* _Entries shown_

· · · · · · ·

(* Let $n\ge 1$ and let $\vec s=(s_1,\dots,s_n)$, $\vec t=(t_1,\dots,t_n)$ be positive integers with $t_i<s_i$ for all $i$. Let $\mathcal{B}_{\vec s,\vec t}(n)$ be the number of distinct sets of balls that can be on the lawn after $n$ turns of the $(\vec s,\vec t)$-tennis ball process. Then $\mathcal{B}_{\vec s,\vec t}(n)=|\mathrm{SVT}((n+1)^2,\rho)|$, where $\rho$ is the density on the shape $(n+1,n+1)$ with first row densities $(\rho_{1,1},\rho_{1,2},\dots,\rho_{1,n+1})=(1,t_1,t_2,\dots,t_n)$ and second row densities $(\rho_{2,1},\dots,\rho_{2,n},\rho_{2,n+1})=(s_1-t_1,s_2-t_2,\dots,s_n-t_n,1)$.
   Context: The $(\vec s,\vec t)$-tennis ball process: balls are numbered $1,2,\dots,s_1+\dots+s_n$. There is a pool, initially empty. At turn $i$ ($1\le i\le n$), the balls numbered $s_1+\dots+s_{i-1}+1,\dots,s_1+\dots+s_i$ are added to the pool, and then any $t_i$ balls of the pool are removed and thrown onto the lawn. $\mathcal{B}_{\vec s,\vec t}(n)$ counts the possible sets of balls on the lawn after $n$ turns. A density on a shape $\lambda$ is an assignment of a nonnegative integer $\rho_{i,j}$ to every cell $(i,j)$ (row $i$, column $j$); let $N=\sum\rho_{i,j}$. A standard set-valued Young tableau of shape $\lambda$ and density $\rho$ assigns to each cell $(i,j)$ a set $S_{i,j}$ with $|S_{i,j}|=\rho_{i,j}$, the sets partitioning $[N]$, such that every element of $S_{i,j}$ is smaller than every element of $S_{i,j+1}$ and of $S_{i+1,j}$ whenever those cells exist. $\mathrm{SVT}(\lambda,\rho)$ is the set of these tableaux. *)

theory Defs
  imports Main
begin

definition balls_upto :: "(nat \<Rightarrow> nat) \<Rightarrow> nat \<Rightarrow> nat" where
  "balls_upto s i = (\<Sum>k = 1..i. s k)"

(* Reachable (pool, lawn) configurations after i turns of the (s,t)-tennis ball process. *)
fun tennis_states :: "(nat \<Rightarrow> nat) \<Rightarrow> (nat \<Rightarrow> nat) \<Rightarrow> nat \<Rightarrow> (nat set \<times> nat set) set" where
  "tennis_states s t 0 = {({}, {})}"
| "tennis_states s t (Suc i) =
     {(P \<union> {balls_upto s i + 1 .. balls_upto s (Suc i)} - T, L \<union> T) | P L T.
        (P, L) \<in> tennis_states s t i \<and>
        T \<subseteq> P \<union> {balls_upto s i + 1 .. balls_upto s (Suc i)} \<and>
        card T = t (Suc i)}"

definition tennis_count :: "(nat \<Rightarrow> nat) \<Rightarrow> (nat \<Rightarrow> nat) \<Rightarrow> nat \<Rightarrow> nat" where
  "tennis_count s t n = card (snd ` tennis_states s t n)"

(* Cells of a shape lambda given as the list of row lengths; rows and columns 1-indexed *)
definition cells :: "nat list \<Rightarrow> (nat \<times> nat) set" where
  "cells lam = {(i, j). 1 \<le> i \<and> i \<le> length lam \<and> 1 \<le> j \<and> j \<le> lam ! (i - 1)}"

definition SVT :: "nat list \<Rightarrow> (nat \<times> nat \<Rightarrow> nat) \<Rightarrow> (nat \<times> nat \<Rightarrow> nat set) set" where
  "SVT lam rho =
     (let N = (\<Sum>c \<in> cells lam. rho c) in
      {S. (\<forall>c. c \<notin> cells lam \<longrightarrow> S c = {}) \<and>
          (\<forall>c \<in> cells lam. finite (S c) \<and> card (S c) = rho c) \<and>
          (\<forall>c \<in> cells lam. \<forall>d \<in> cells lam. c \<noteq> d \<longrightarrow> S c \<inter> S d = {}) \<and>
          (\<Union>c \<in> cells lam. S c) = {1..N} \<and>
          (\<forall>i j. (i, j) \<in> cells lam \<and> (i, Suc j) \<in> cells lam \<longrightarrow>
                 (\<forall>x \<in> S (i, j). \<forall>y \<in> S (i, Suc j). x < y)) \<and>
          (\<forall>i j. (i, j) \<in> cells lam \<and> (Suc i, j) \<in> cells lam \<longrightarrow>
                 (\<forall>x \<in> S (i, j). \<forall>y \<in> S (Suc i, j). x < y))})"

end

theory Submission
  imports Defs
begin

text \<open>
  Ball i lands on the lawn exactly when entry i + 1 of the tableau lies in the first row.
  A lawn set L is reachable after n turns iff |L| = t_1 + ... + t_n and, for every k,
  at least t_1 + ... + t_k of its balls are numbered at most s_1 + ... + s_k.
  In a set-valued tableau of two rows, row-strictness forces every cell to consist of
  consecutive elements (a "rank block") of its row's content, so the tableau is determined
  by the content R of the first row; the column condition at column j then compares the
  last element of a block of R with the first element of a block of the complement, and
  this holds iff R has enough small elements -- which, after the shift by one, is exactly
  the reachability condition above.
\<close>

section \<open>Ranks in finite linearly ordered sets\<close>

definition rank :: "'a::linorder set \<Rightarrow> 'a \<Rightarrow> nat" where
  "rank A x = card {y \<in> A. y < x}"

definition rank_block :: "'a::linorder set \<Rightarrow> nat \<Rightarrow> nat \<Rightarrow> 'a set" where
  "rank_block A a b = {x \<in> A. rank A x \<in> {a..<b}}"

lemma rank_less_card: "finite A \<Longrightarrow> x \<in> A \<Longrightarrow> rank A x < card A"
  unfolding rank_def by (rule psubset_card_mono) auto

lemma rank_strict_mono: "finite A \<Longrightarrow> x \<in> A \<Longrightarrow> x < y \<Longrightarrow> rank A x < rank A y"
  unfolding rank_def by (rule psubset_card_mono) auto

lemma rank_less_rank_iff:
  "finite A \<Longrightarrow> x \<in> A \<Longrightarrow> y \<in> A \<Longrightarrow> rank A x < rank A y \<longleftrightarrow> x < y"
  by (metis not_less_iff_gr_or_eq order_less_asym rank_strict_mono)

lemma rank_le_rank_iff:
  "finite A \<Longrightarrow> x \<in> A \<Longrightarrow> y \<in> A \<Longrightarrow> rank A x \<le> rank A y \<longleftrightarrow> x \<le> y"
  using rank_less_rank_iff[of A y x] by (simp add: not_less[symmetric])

· · · · · · ·

* _Problem statement_
Scan the records above and report every line with the string "linorder".

* _Exercise solution_
definition rank :: "'a::linorder set \<Rightarrow> 'a \<Rightarrow> nat" where
definition rank_block :: "'a::linorder set \<Rightarrow> nat \<Rightarrow> nat \<Rightarrow> 'a set" where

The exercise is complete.